Antidepressants and industrial-strength denial.
🎶 Here's a little song I wrote
You might want to sing it note for note
Don't worry
Be happy
In every life we have some trouble
But when you worry you make it double
Don't worry
Be happy, don't worry, be happy now 🎶
Works for me most of the time :)
On a more serious note, I learned to accept that not everything will always go my way. But not every bad thing is as bad as it might appear at first, and sometimes by rolling with the punches you can come out on top. Or at least end up in a better position than you started out in.
Of course I've never had to deal with truly catastrophic life events, so take that advice with a grain of salt.
Stoicism has been tainted a bit recently by attention from some fringe groups, but stoicism itself is still a very enlightened way to see the world, IMO
Aurelius gang 👏
This is something I really don't understand. Maybe you can explain it to me.

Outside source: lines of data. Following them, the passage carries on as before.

(* Let $n\ge1$. A permutation $w\in\mathfrak S_n$ has $\operatorname{exc}(w)=k$ if and only if $w$ can be written as a product of $k$ permutations each having exactly one excedance, and not as a product of fewer such permutations; that is, $\operatorname{exc}=\ell_T$ where $T=\{t\in\mathfrak S_n:\operatorname{exc}(t)=1\}$. Furthermore, $\operatorname{exc}$ is subadditive, and the poset $(\mathfrak S_n,\le_{\operatorname{exc}})$, where $x\le_{\operatorname{exc}}y$ iff $\operatorname{exc}(x)+\operatorname{exc}(x^{-1}y)=\operatorname{exc}(y)$, is graded by $\operatorname{exc}$ (every cover relation $x\lessdot y$ has $\operatorname{exc}(y)=\operatorname{exc}(x)+1$), the number of elements of rank $k$ is the Eulerian number counting permutations of $[n]$ with $k$ excedances, and it has a unique maximal element, namely $23\cdots n1=(1\,2\,\cdots\,n)$.
   Context: For $w\in\mathfrak S_n$, $\operatorname{exc}(w)=\#\{i\in[n-1]: w(i)>i\}$ is the number of excedances. Permutations are composed as functions. $\ell_T(x)$ is the minimum number of elements of $T$ whose product is $x$. *)

theory Defs
  imports "HOL-Combinatorics.Permutations"
begin

definition Sn :: "nat \<Rightarrow> (nat \<Rightarrow> nat) set" where
  "Sn n = {w. w permutes {1..n}}"

definition exc :: "nat \<Rightarrow> (nat \<Rightarrow> nat) \<Rightarrow> nat" where
  "exc n w = card {i \<in> {1..n-1}. w i > i}"

definition Texc :: "nat \<Rightarrow> (nat \<Rightarrow> nat) set" where
  "Texc n = {t \<in> Sn n. exc n t = 1}"

definition listprod :: "(nat \<Rightarrow> nat) list \<Rightarrow> (nat \<Rightarrow> nat)" where
  "listprod ts = foldr (\<circ>) ts id"

definition lenT :: "(nat \<Rightarrow> nat) set \<Rightarrow> (nat \<Rightarrow> nat) \<Rightarrow> nat" where
  "lenT T x = (LEAST k. \<exists>ts. length ts = k \<and> set ts \<subseteq> T \<and> listprod ts = x)"

definition le_exc :: "nat \<Rightarrow> (nat \<Rightarrow> nat) \<Rightarrow> (nat \<Rightarrow> nat) \<Rightarrow> bool" where
  "le_exc n x y \<longleftrightarrow> exc n x + exc n (inv x \<circ> y) = exc n y"

definition lt_exc :: "nat \<Rightarrow> (nat \<Rightarrow> nat) \<Rightarrow> (nat \<Rightarrow> nat) \<Rightarrow> bool" where
  "lt_exc n x y \<longleftrightarrow> le_exc n x y \<and> x \<noteq> y"

definition covers_exc :: "nat \<Rightarrow> (nat \<Rightarrow> nat) \<Rightarrow> (nat \<Rightarrow> nat) \<Rightarrow> bool" where
  "covers_exc n x y \<longleftrightarrow> x \<in> Sn n \<and> y \<in> Sn n \<and> lt_exc n x y \<and>
     \<not> (\<exists>z \<in> Sn n. lt_exc n x z \<and> lt_exc n z y)"

definition maximal_exc :: "nat \<Rightarrow> (nat \<Rightarrow> nat) \<Rightarrow> bool" where
  "maximal_exc n y \<longleftrightarrow> y \<in> Sn n \<and> (\<forall>z \<in> Sn n. le_exc n y z \<longrightarrow> z = y)"

definition eulerian :: "nat \<Rightarrow> nat \<Rightarrow> nat" where
  "eulerian n k = card {w \<in> Sn n. exc n w = k}"

text \<open>The long cycle (1 2 ... n), i.e. one-line notation 2 3 ... n 1.\<close>
definition longcycle :: "nat \<Rightarrow> nat \<Rightarrow> nat" where
  "longcycle n i = (if 1 \<le> i \<and> i < n then i + 1 else if i = n then 1 else i)"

For me a "normal" day would be one where earth looks like the moon. The fact that we have all kinds of plants and animals is amazing and the fact that we have buildings, technology and culture is something to be very proud of, because every day that you don't run around killing people or doing other horrible things is a day where you overcame your instincts and helped hold up culture. So to me every day, even one that you would deem "shit that happens in your life", is absolutely amazing and something to be proud of.
But for someone who believes that there is a God a normal day would be one where everything works out great, and it would just be because God took care of it. A bad day would mean that for whatever reason this God decided to let you suffer. And this is supposed to make you feel good?
Isn't it uplifting to say that you can't explain why bad things happen to you? Do you really think it's uplifting to think that bad things happen to you because an all powerful being decided that you deserved it?